ACTIVITY: Write the records out once more, so that nothing differs from the original.

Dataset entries

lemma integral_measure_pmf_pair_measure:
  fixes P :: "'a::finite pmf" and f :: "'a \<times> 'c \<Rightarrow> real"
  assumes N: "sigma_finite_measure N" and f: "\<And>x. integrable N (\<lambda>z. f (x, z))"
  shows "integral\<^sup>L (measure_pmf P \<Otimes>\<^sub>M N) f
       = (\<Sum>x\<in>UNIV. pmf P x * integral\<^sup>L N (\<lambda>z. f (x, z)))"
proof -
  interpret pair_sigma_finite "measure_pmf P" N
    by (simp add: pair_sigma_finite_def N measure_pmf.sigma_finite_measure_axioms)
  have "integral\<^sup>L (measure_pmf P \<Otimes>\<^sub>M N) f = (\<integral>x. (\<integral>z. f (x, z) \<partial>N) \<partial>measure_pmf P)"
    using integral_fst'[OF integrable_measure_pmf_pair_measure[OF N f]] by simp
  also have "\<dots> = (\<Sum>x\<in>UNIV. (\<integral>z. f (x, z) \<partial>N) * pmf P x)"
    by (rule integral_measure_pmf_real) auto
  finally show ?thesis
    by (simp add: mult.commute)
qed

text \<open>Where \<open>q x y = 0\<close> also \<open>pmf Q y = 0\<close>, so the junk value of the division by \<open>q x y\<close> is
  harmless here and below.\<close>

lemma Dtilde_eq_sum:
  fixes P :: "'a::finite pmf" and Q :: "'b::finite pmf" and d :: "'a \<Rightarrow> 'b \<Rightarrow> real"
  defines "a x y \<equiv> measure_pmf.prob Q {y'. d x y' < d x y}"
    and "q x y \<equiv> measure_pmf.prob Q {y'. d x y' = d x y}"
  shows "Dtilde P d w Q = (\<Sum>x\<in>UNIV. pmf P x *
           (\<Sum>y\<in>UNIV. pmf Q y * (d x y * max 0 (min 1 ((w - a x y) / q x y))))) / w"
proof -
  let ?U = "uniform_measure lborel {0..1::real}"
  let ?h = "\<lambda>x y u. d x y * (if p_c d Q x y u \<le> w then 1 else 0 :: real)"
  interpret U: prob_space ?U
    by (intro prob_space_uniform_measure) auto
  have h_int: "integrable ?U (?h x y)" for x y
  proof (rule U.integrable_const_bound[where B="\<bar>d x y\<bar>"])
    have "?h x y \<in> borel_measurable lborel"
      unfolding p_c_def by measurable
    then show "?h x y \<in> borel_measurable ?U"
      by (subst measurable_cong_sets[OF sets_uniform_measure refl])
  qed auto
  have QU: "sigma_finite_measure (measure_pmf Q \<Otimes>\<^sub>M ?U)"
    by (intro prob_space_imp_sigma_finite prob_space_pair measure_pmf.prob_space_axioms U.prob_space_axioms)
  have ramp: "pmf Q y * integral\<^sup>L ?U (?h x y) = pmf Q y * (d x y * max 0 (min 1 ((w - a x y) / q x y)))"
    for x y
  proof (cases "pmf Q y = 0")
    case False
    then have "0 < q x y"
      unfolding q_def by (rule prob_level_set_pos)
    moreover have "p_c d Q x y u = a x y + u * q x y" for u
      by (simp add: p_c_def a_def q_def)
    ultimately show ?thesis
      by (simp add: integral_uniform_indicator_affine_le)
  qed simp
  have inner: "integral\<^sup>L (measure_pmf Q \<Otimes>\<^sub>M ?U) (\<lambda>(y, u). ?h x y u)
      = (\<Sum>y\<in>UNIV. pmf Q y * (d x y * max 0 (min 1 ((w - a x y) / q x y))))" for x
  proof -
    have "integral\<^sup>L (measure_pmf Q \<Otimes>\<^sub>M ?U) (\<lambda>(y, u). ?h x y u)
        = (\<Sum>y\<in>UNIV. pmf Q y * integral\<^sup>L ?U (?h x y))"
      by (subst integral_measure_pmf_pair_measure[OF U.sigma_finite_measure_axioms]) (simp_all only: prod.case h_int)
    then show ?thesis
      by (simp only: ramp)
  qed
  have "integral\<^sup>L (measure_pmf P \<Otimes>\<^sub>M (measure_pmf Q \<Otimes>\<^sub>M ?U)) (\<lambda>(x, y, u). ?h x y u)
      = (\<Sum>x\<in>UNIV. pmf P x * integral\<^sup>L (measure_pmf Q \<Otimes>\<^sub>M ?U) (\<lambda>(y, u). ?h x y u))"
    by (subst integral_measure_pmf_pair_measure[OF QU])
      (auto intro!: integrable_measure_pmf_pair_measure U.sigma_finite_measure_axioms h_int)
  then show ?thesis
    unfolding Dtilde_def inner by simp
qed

EXERCISE RESULT:
lemma integral_measure_pmf_pair_measure:
  fixes P :: "'a::finite pmf" and f :: "'a \<times> 'c \<Rightarrow> real"
  assumes N: "sigma_finite_measure N" and f: "\<And>x. integrable N (\<lambda>z. f (x, z))"
  shows "integral\<^sup>L (measure_pmf P \<Otimes>\<^sub>M N) f
       = (\<Sum>x\<in>UNIV. pmf P x * integral\<^sup>L N (\<lambda>z. f (x, z)))"
proof -
  interpret pair_sigma_finite "measure_pmf P" N
    by (simp add: pair_sigma_finite_def N measure_pmf.sigma_finite_measure_axioms)
  have "integral\<^sup>L (measure_pmf P \<Otimes>\<^sub>M N) f = (\<integral>x. (\<integral>z. f (x, z) \<partial>N) \<partial>measure_pmf P)"
    using integral_fst'[OF integrable_measure_pmf_pair_measure[OF N f]] by simp
  also have "\<dots> = (\<Sum>x\<in>UNIV. (\<integral>z. f (x, z) \<partial>N) * pmf P x)"
    by (rule integral_measure_pmf_real) auto
  finally show ?thesis
    by (simp add: mult.commute)
qed

text \<open>Where \<open>q x y = 0\<close> also \<open>pmf Q y = 0\<close>, so the junk value of the division by \<open>q x y\<close> is
  harmless here and below.\<close>

lemma Dtilde_eq_sum:
  fixes P :: "'a::finite pmf" and Q :: "'b::finite pmf" and d :: "'a \<Rightarrow> 'b \<Rightarrow> real"
  defines "a x y \<equiv> measure_pmf.prob Q {y'. d x y' < d x y}"
    and "q x y \<equiv> measure_pmf.prob Q {y'. d x y' = d x y}"
  shows "Dtilde P d w Q = (\<Sum>x\<in>UNIV. pmf P x *
           (\<Sum>y\<in>UNIV. pmf Q y * (d x y * max 0 (min 1 ((w - a x y) / q x y))))) / w"
proof -
  let ?U = "uniform_measure lborel {0..1::real}"
  let ?h = "\<lambda>x y u. d x y * (if p_c d Q x y u \<le> w then 1 else 0 :: real)"
  interpret U: prob_space ?U
    by (intro prob_space_uniform_measure) auto
  have h_int: "integrable ?U (?h x y)" for x y
  proof (rule U.integrable_const_bound[where B="\<bar>d x y\<bar>"])
    have "?h x y \<in> borel_measurable lborel"
      unfolding p_c_def by measurable
    then show "?h x y \<in> borel_measurable ?U"
      by (subst measurable_cong_sets[OF sets_uniform_measure refl])
  qed auto
  have QU: "sigma_finite_measure (measure_pmf Q \<Otimes>\<^sub>M ?U)"
    by (intro prob_space_imp_sigma_finite prob_space_pair measure_pmf.prob_space_axioms U.prob_space_axioms)
  have ramp: "pmf Q y * integral\<^sup>L ?U (?h x y) = pmf Q y * (d x y * max 0 (min 1 ((w - a x y) / q x y)))"
    for x y
  proof (cases "pmf Q y = 0")
    case False
    then have "0 < q x y"
      unfolding q_def by (rule prob_level_set_pos)
    moreover have "p_c d Q x y u = a x y + u * q x y" for u
      by (simp add: p_c_def a_def q_def)
    ultimately show ?thesis
      by (simp add: integral_uniform_indicator_affine_le)
  qed simp
  have inner: "integral\<^sup>L (measure_pmf Q \<Otimes>\<^sub>M ?U) (\<lambda>(y, u). ?h x y u)
      = (\<Sum>y\<in>UNIV. pmf Q y * (d x y * max 0 (min 1 ((w - a x y) / q x y))))" for x
  proof -
    have "integral\<^sup>L (measure_pmf Q \<Otimes>\<^sub>M ?U) (\<lambda>(y, u). ?h x y u)
        = (\<Sum>y\<in>UNIV. pmf Q y * integral\<^sup>L ?U (?h x y))"
      by (subst integral_measure_pmf_pair_measure[OF U.sigma_finite_measure_axioms]) (simp_all only: prod.case h_int)
    then show ?thesis
      by (simp only: ramp)
  qed
  have "integral\<^sup>L (measure_pmf P \<Otimes>\<^sub>M (measure_pmf Q \<Otimes>\<^sub>M ?U)) (\<lambda>(x, y, u). ?h x y u)
      = (\<Sum>x\<in>UNIV. pmf P x * integral\<^sup>L (measure_pmf Q \<Otimes>\<^sub>M ?U) (\<lambda>(y, u). ?h x y u))"
    by (subst integral_measure_pmf_pair_measure[OF QU])
      (auto intro!: integrable_measure_pmf_pair_measure U.sigma_finite_measure_axioms h_int)
  then show ?thesis
    unfolding Dtilde_def inner by simp
qed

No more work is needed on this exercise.